## Source data

--- --- ---

lemma f_map_perm_nth:
  assumes "is_perm \<pi>" "q < length \<pi>"
  shows "f_map \<pi> ! (\<pi>!q - 1) = run_of \<pi> q"
proof -
  have "f_map \<pi> ! (\<pi>!q - 1) = run_idx \<pi> (\<pi>!q)"
    using perm_nth_range[OF assms] unfolding f_map_def by (subst nth_map) (auto simp del: upt_Suc)
  also have "\<dots> = run_of \<pi> q"
    using pos_nth assms is_perm_def unfolding run_idx_def run_of_def by simp
  finally show ?thesis .
qed

lemma perm_sorted_by_run_key:
  assumes "distinct \<pi>"
  shows "sorted_wrt (<) (map (\<lambda>q. (run_of \<pi> q, \<pi>!q)) [0..<length \<pi>])"
proof -
  have "transp ((<) :: nat \<times> nat \<Rightarrow> _ \<Rightarrow> bool)" by (rule transpI) (auto simp: less_prod_def)
  moreover have "(run_of \<pi> q, \<pi>!q) < (run_of \<pi> (Suc q), \<pi>!Suc q)" if "Suc q < length \<pi>" for q
  proof -
    have "\<pi>!q \<noteq> \<pi>!Suc q" using assms that nth_eq_iff_index_eq by fastforce
    then show ?thesis using that run_of_Suc[of \<pi> q] by (auto simp: less_prod_def)
  qed
  ultimately show ?thesis by (simp add: sorted_wrt_iff_nth_Suc_transp)
qed

lemma run_end_is_max:
  assumes "distinct \<pi>" "r < length \<pi>" "Suc q < length \<pi>"
    and "run_of \<pi> (Suc q) = Suc (run_of \<pi> q)" "run_of \<pi> r = run_of \<pi> q"
  shows "\<pi>!r \<le> \<pi>!q"
proof -
  consider "r < q" | "r = q" | "Suc q \<le> r" by linarith
  then show ?thesis
  proof cases
    case 1
    then have "(run_of \<pi> r, \<pi>!r) < (run_of \<pi> q, \<pi>!q)"
      using sorted_wrt_nth_less[OF perm_sorted_by_run_key[OF assms(1)] 1] assms(3) by simp
    then show ?thesis using assms(5) by simp
  next
    case 3
    then show ?thesis using run_of_mono[OF 3, of \<pi>] assms(4,5) by simp
  qed simp
qed

lemma set_f_map:
  assumes "is_perm \<pi>"
  shows "set (f_map \<pi>) = run_of \<pi> ` {..<length \<pi>}"
proof (intro equalityI subsetI)
  fix x assume "x \<in> set (f_map \<pi>)"
  then obtain t where t: "t < length \<pi>" "x = f_map \<pi> ! t" by (auto simp: in_set_conv_nth)
  obtain q where "q < length \<pi>" "\<pi>!q = Suc t" using perm_nth_surj[OF assms, of "Suc t"] t by auto
  then show "x \<in> run_of \<pi> ` {..<length \<pi>}" using f_map_perm_nth[OF assms] t by force
next
  fix x assume "x \<in> run_of \<pi> ` {..<length \<pi>}"
  then obtain q where q: "q < length \<pi>" "x = run_of \<pi> q" by blast
  then have "\<pi>!q - 1 < length (f_map \<pi>)" using perm_nth_range[OF assms q(1)] by auto
  then show "x \<in> set (f_map \<pi>)" using f_map_perm_nth[OF assms q(1)] q(2) nth_mem by metis
qed

lemma maxw_f_map:
  assumes "is_perm \<pi>"
  shows "maxw (f_map \<pi>) = run_of \<pi> (length \<pi> - 1)"
  unfolding maxw_def set_f_map[OF assms]
proof (rule Max_eqI)
  show "run_of \<pi> (length \<pi> - 1) \<in> run_of \<pi> ` {..<length \<pi>}"
    by (rule imageI) (use assms in \<open>auto simp: is_perm_def\<close>)
qed (auto intro: run_of_mono)

(* (AC2) for f(pi): the last occurrence of i is at the last letter of run i, and
   the first letter of run i + 1, where i + 1 occurs, is a smaller position. *)
lemma f_map_AC2:
  assumes "is_perm \<pi>" "1 \<le> i" "i < maxw (f_map \<pi>)"
  shows "\<exists>k l. 1 \<le> k \<and> k < l \<and> l \<le> length (f_map \<pi>)
            \<and> f_map \<pi> ! (k - 1) = i + 1 \<and> f_map \<pi> ! (l - 1) = i
            \<and> (\<forall>m. l < m \<and> m \<le> length (f_map \<pi>) \<longrightarrow> f_map \<pi> ! (m - 1) \<noteq> i)"
proof -
  let ?n = "length \<pi>"
  have "run_of \<pi> 0 \<le> i" "i < run_of \<pi> (?n - 1)"
    using assms(2,3) maxw_f_map[OF assms(1)] run_of_0 by simp_all
  then obtain q where q: "q < ?n - 1" "run_of \<pi> q = i" "run_of \<pi> (Suc q) = Suc i"
    using run_of_step_between by blast
  have desc: "\<pi>!Suc q < \<pi>!q"
  proof (rule ccontr)
    assume "\<not> \<pi>!Suc q < \<pi>!q"
    then have "run_of \<pi> (Suc q) = run_of \<pi> q" by (simp add: run_of_Suc)
    then show False using q(2,3) by simp
  qed
  have qs: "q < ?n" "Suc q < ?n" using q by auto
  show ?thesis
  proof (intro exI conjI allI impI)
    show "1 \<le> \<pi>!Suc q" "\<pi>!Suc q < \<pi>!q" "\<pi>!q \<le> length (f_map \<pi>)"
      using perm_nth_range[OF assms(1) qs(2)] perm_nth_range[OF assms(1) qs(1)] desc by auto
    show "f_map \<pi> ! (\<pi>!Suc q - 1) = i + 1" "f_map \<pi> ! (\<pi>!q - 1) = i"
      using f_map_perm_nth[OF assms(1)] qs q by auto
    fix m assume m: "\<pi>!q < m \<and> m \<le> length (f_map \<pi>)"
    then obtain r where r: "r < ?n" "\<pi>!r = m" using perm_nth_surj[OF assms(1), of m] by auto
    have "\<pi>!r \<le> \<pi>!q" if "run_of \<pi> r = i"
      using run_end_is_max[OF _ r(1) qs(2)] assms(1) q that unfolding is_perm_def by simp
    then show "f_map \<pi> ! (m - 1) \<noteq> i" using f_map_perm_nth[OF assms(1) r(1)] r m by auto
  qed
qed

lemma f_map_in_Ahat:
  assumes "is_perm \<pi>"
  shows "f_map \<pi> \<in> Ahat"
proof (rule AhatI)
  show ne: "f_map \<pi> \<noteq> []" using assms unfolding is_perm_def by (auto simp flip: length_0_conv)
  show "0 \<notin> set (f_map \<pi>)" unfolding f_map_def run_idx_def by auto
  show "i \<in> set (f_map \<pi>)" if "1 \<le> i" "i \<le> maxw (f_map \<pi>)" for i
  proof (cases "i = maxw (f_map \<pi>)")
    case True
    then show ?thesis unfolding maxw_def using ne by simp
  next
    case False
    then have "run_of \<pi> 0 \<le> i" "i < run_of \<pi> (length \<pi> - 1)"
      using that maxw_f_map[OF assms] run_of_0 by auto
    then obtain q where "q < length \<pi> - 1" "run_of \<pi> q = i"
      using run_of_step_between by blast
    then show ?thesis unfolding set_f_map[OF assms] by auto
  qed
qed (rule f_map_AC2[OF assms])

section \<open>Words and the map g\<close>

definition pos_key :: "nat list \<Rightarrow> nat \<Rightarrow> nat \<times> nat" where
  "pos_key w i = (w!(i-1), i)"

lemma letter_range:
  assumes "0 \<notin> set w" "x \<in> set w"
  shows "1 \<le> x \<and> x \<le> maxw w"
  using assms unfolding maxw_def by (metis Max_ge One_nat_def finite_set less_one not_le)

lemma set_positions: "set (positions w j) = {i. 1 \<le> i \<and> i \<le> length w \<and> w!(i-1) = j}"
  unfolding positions_def by auto

lemma set_g_map:
  assumes "0 \<notin> set w"
  shows "set (g_map w) = {1..length w}"
proof -
  have "set (g_map w) = (\<Union>j\<in>{1..maxw w}. {i. 1 \<le> i \<and> i \<le> length w \<and> w!(i-1) = j})"
    unfolding g_map_def by (simp del: upt_Suc add: set_positions atLeastLessThanSuc_atLeastAtMost)
  also have "\<dots> = {1..length w}"
  proof (intro equalityI subsetI)
    fix i assume i: "i \<in> {1..length w}"
    then have "w!(i-1) \<in> set w" by auto
    then show "i \<in> (\<Union>j\<in>{1..maxw w}. {i. 1 \<le> i \<and> i \<le> length w \<and> w!(i-1) = j})"
      using letter_range[OF assms] i by auto
  qed auto
  finally show ?thesis .
qed

lemma sorted_positions: "sorted_wrt (<) (map (pos_key w) (positions w j))"
proof -
  have "sorted_wrt (<) (positions w j)" unfolding positions_def
    by (rule sorted_wrt_filter) (simp del: upt_Suc)
  then have "sorted_wrt (\<lambda>x y. pos_key w x < pos_key w y) (positions w j)"
    by (rule sorted_wrt_mono_rel[rotated]) (auto simp: set_positions pos_key_def)
  then show ?thesis by (simp add: sorted_wrt_map)
qed

lemma sorted_position_blocks: "sorted_wrt (<) (map (pos_key w) (concat (map (positions w) [a..<b])))"
proof (induction b)
  case (Suc b)
  show ?case
  proof (cases "a \<le> b")
    case True
    have "\<forall>x\<in>set (concat (map (positions w) [a..<b])). \<forall>y\<in>set (positions w b).
        pos_key w x < pos_key w y"
      by (auto simp: set_positions pos_key_def)
    then show ?thesis using Suc.IH sorted_positions[of w b] True
      by (auto simp: sorted_wrt_append)
  qed simp
qed simp

lemma sorted_g_map: "sorted_wrt (<) (map (pos_key w) (g_map w))"
  unfolding g_map_def by (rule sorted_position_blocks)

lemma g_map_perm:
  assumes "w \<in> Ahat"
  shows "is_perm (g_map w)" "length (g_map w) = length w"
proof -
  have nz: "0 \<notin> set w" and ne: "w \<noteq> []" using AhatD[OF assms] by auto
  have "distinct (map (pos_key w) (g_map w))" using sorted_g_map[of w] strict_sorted_iff by blast
  then have d: "distinct (g_map w)" using distinct_map by blast
  then show l: "length (g_map w) = length w" using distinct_card set_g_map[OF nz] by fastforce
  show "is_perm (g_map w)" unfolding is_perm_def using d set_g_map[OF nz] l ne
    by (simp add: Suc_leI)
qed

section \<open>g is a left inverse of f\<close>

lemma pos_key_f_map:
  assumes "is_perm \<pi>"
  shows "map (pos_key (f_map \<pi>)) \<pi> = map (\<lambda>q. (run_of \<pi> q, \<pi>!q)) [0..<length \<pi>]"
  by (rule nth_equalityI) (use f_map_perm_nth[OF assms] in \<open>auto simp: pos_key_def\<close>)

lemma g_map_f_map:
  assumes "is_perm \<pi>"
  shows "g_map (f_map \<pi>) = \<pi>"
proof (rule strictly_sorted_by_key_unique[where key = "pos_key (f_map \<pi>)"])
  show "sorted_wrt (<) (map (pos_key (f_map \<pi>)) (g_map (f_map \<pi>)))" by (rule sorted_g_map)
  show "sorted_wrt (<) (map (pos_key (f_map \<pi>)) \<pi>)"
    unfolding pos_key_f_map[OF assms] using perm_sorted_by_run_key assms is_perm_def by blast
  have "0 \<notin> set (f_map \<pi>)" using AhatD(2)[OF f_map_in_Ahat[OF assms]] .
  then show "set (g_map (f_map \<pi>)) = set \<pi>"
    using set_g_map assms unfolding is_perm_def by simp
qed

section \<open>f is a left inverse of g on Ahat\<close>

(* The letter of w sitting at the position listed r-th in g(w) (0-based r), i.e. the
   block of g(w) that entry r belongs to. *)
definition g_letter :: "nat list \<Rightarrow> nat \<Rightarrow> nat" where
  "g_letter w r = w ! (g_map w ! r - 1)"

lemma g_letter_mono:
  assumes "r1 \<le> r2" "r2 < length (g_map w)"
  shows "g_letter w r1 \<le> g_letter w r2"
    and "g_letter w r1 = g_letter w r2 \<Longrightarrow> g_map w!r1 \<le> g_map w!r2"
proof -
  have "pos_key w (g_map w!r1) \<le> pos_key w (g_map w!r2)"
  proof (cases "r1 = r2")
    case False
    then show ?thesis
      using sorted_wrt_nth_less[OF sorted_g_map[of w], of r1 r2] assms by simp
  qed simp
  then show "g_letter w r1 \<le> g_letter w r2"
    and "g_letter w r1 = g_letter w r2 \<Longrightarrow> g_map w!r1 \<le> g_map w!r2"
    unfolding pos_key_def g_letter_def by auto
qed

lemma g_map_hits_position:
  assumes "w \<in> Ahat" "1 \<le> p" "p \<le> length w"
  shows "\<exists>r < length w. g_map w!r = p"
  using perm_nth_surj[OF g_map_perm(1)[OF assms(1)]] assms g_map_perm(2) by simp

lemma g_letter_hits:
  assumes "w \<in> Ahat" "1 \<le> v" "v \<le> maxw w"
  shows "\<exists>r < length w. g_letter w r = v"
proof -
  have "v \<in> set w" using AhatD(3)[OF assms(1)] assms(2,3) .
  then obtain t where t: "t < length w" "w!t = v" by (auto simp: in_set_conv_nth)
  then show ?thesis using g_map_hits_position[OF assms(1), of "Suc t"] by (auto simp: g_letter_def)
qed

lemma g_letter_range:
  assumes "w \<in> Ahat" "r < length w"
  shows "1 \<le> g_letter w r \<and> g_letter w r \<le> maxw w"
proof -
  have "g_map w!r - 1 < length w"
    using perm_nth_range[OF g_map_perm(1)[OF assms(1)]] assms g_map_perm(2) by fastforce
  then have "g_letter w r \<in> set w" unfolding g_letter_def by simp
  then show ?thesis using letter_range[OF AhatD(2)[OF assms(1)]] by blast
qed

lemma g_letter_0:
  assumes "w \<in> Ahat"
  shows "g_letter w 0 = 1"
proof -
  have n: "0 < length w" using AhatD(1)[OF assms] by simp
  then have "1 \<le> maxw w" using g_letter_range[OF assms n] by simp
  then obtain r where r: "r < length w" "g_letter w r = 1" using g_letter_hits[OF assms] by auto
  then have "g_letter w 0 \<le> 1" using g_letter_mono(1)[of 0 r w] g_map_perm(2)[OF assms] by simp
  then show ?thesis using g_letter_range[OF assms n] by simp
qed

--- --- ---

## Work task
Copy every line above that includes the string "concat".

## Solution for this problem
lemma sorted_position_blocks: "sorted_wrt (<) (map (pos_key w) (concat (map (positions w) [a..<b])))"
    have "\<forall>x\<in>set (concat (map (positions w) [a..<b])). \<forall>y\<in>set (positions w b).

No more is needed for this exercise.